Stored entries:
BEGIN

(* Let $D$ be an integral domain, $T$ an overring of $D$, $\star$ a semistar operation on $D$ and $\star'$ a semistar operation on $T$ with $T^{\star'}=T$. If $T$ is $(\star,\star')$-linked to $D$, then $T^{\ell_{\star,T}}=T$.
   Context: Let $D$ be an integral domain with quotient field $K$. $\overline{\mathbf F}(D)$ denotes the set of all nonzero $D$-submodules of $K$ and $\mathbf f(D)$ the set of nonzero finitely generated $D$-submodules of $K$. A semistar operation on $D$ is a map $\star:\overline{\mathbf F}(D)\to\overline{\mathbf F}(D)$, $E\mapsto E^\star$, such that for all $0\ne x\in K$ and $E,F\in\overline{\mathbf F}(D)$: (1) $(xE)^\star=xE^\star$; (2) $E\subseteq F\Rightarrow E^\star\subseteq F^\star$; (3) $E\subseteq E^\star$ and $(E^\star)^\star=E^\star$. $\star_f$ is defined by $E^{\star_f}=\bigcup\{F^\star:F\in\mathbf f(D),F\subseteq E\}$. A nonzero ideal $I$ of $D$ is a quasi-$\star$-ideal if $I^\star\cap D=I$; a quasi-$\star$-prime is a prime quasi-$\star$-ideal. An overring of $D$ is a ring $T$ with $D\subseteq T\subseteq K$; semistar operations on $T$ are defined likewise. $T$ is $(\star,\star')$-linked to $D$ if for every nonzero finitely generated ideal $F\subseteq D$ with $F^\star=D^\star$ one has $(FT)^{\star'}=T^{\star'}$. The semistar operation $\ell_{\star,T}$ on $T$ is defined by $E^{\ell_{\star,T}}=\bigcap\{ET_{D\setminus P}: P$ a quasi-$\star_f$-prime ideal of $D\}$ for $E\in\overline{\mathbf F}(T)$ (equal to $K$ if there are none). *)

theory Defs
  imports Main
begin

text \<open>The quotient field K is modelled as a type 'a of class field; rings D, T are
subsets of it.\<close>

definition subring :: "'a::field set \<Rightarrow> bool" where
  "subring R \<longleftrightarrow> 0 \<in> R \<and> 1 \<in> R \<and> (\<forall>x\<in>R. \<forall>y\<in>R. x + y \<in> R \<and> x - y \<in> R \<and> x * y \<in> R)"

text \<open>D is an integral domain whose quotient field is the ambient field (all of UNIV).\<close>
definition domain_with_qf :: "'a::field set \<Rightarrow> bool" where
  "domain_with_qf D \<longleftrightarrow> subring D \<and> (\<forall>x. \<exists>a\<in>D. \<exists>b\<in>D. b \<noteq> 0 \<and> x = a / b)"

definition overring :: "'a::field set \<Rightarrow> 'a set \<Rightarrow> bool" where
  "overring D T \<longleftrightarrow> subring T \<and> D \<subseteq> T"

inductive_set sprod :: "'a::field set \<Rightarrow> 'a set \<Rightarrow> 'a set" for A B where
  zero: "0 \<in> sprod A B"
| prod: "a \<in> A \<Longrightarrow> b \<in> B \<Longrightarrow> a * b \<in> sprod A B"
| add: "x \<in> sprod A B \<Longrightarrow> y \<in> sprod A B \<Longrightarrow> x + y \<in> sprod A B"

definition submod :: "'a::field set \<Rightarrow> 'a set \<Rightarrow> bool" where
  "submod R E \<longleftrightarrow> 0 \<in> E \<and> (\<forall>x\<in>E. \<forall>y\<in>E. x + y \<in> E) \<and> (\<forall>r\<in>R. \<forall>x\<in>E. r * x \<in> E)"

definition Fbar :: "'a::field set \<Rightarrow> 'a set set" where
  "Fbar R = {E. submod R E \<and> E \<noteq> {0}}"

END

AIM OF THE TASK – All the records, as written, must be given again.

RESULT OF THIS EXERCISE –
(* Let $D$ be an integral domain, $T$ an overring of $D$, $\star$ a semistar operation on $D$ and $\star'$ a semistar operation on $T$ with $T^{\star'}=T$. If $T$ is $(\star,\star')$-linked to $D$, then $T^{\ell_{\star,T}}=T$.
   Context: Let $D$ be an integral domain with quotient field $K$. $\overline{\mathbf F}(D)$ denotes the set of all nonzero $D$-submodules of $K$ and $\mathbf f(D)$ the set of nonzero finitely generated $D$-submodules of $K$. A semistar operation on $D$ is a map $\star:\overline{\mathbf F}(D)\to\overline{\mathbf F}(D)$, $E\mapsto E^\star$, such that for all $0\ne x\in K$ and $E,F\in\overline{\mathbf F}(D)$: (1) $(xE)^\star=xE^\star$; (2) $E\subseteq F\Rightarrow E^\star\subseteq F^\star$; (3) $E\subseteq E^\star$ and $(E^\star)^\star=E^\star$. $\star_f$ is defined by $E^{\star_f}=\bigcup\{F^\star:F\in\mathbf f(D),F\subseteq E\}$. A nonzero ideal $I$ of $D$ is a quasi-$\star$-ideal if $I^\star\cap D=I$; a quasi-$\star$-prime is a prime quasi-$\star$-ideal. An overring of $D$ is a ring $T$ with $D\subseteq T\subseteq K$; semistar operations on $T$ are defined likewise. $T$ is $(\star,\star')$-linked to $D$ if for every nonzero finitely generated ideal $F\subseteq D$ with $F^\star=D^\star$ one has $(FT)^{\star'}=T^{\star'}$. The semistar operation $\ell_{\star,T}$ on $T$ is defined by $E^{\ell_{\star,T}}=\bigcap\{ET_{D\setminus P}: P$ a quasi-$\star_f$-prime ideal of $D\}$ for $E\in\overline{\mathbf F}(T)$ (equal to $K$ if there are none). *)

theory Defs
  imports Main
begin

text \<open>The quotient field K is modelled as a type 'a of class field; rings D, T are
subsets of it.\<close>

definition subring :: "'a::field set \<Rightarrow> bool" where
  "subring R \<longleftrightarrow> 0 \<in> R \<and> 1 \<in> R \<and> (\<forall>x\<in>R. \<forall>y\<in>R. x + y \<in> R \<and> x - y \<in> R \<and> x * y \<in> R)"

text \<open>D is an integral domain whose quotient field is the ambient field (all of UNIV).\<close>
definition domain_with_qf :: "'a::field set \<Rightarrow> bool" where
  "domain_with_qf D \<longleftrightarrow> subring D \<and> (\<forall>x. \<exists>a\<in>D. \<exists>b\<in>D. b \<noteq> 0 \<and> x = a / b)"

definition overring :: "'a::field set \<Rightarrow> 'a set \<Rightarrow> bool" where
  "overring D T \<longleftrightarrow> subring T \<and> D \<subseteq> T"

inductive_set sprod :: "'a::field set \<Rightarrow> 'a set \<Rightarrow> 'a set" for A B where
  zero: "0 \<in> sprod A B"
| prod: "a \<in> A \<Longrightarrow> b \<in> B \<Longrightarrow> a * b \<in> sprod A B"
| add: "x \<in> sprod A B \<Longrightarrow> y \<in> sprod A B \<Longrightarrow> x + y \<in> sprod A B"

definition submod :: "'a::field set \<Rightarrow> 'a set \<Rightarrow> bool" where
  "submod R E \<longleftrightarrow> 0 \<in> E \<and> (\<forall>x\<in>E. \<forall>y\<in>E. x + y \<in> E) \<and> (\<forall>r\<in>R. \<forall>x\<in>E. r * x \<in> E)"

definition Fbar :: "'a::field set \<Rightarrow> 'a set set" where
  "Fbar R = {E. submod R E \<and> E \<noteq> {0}}"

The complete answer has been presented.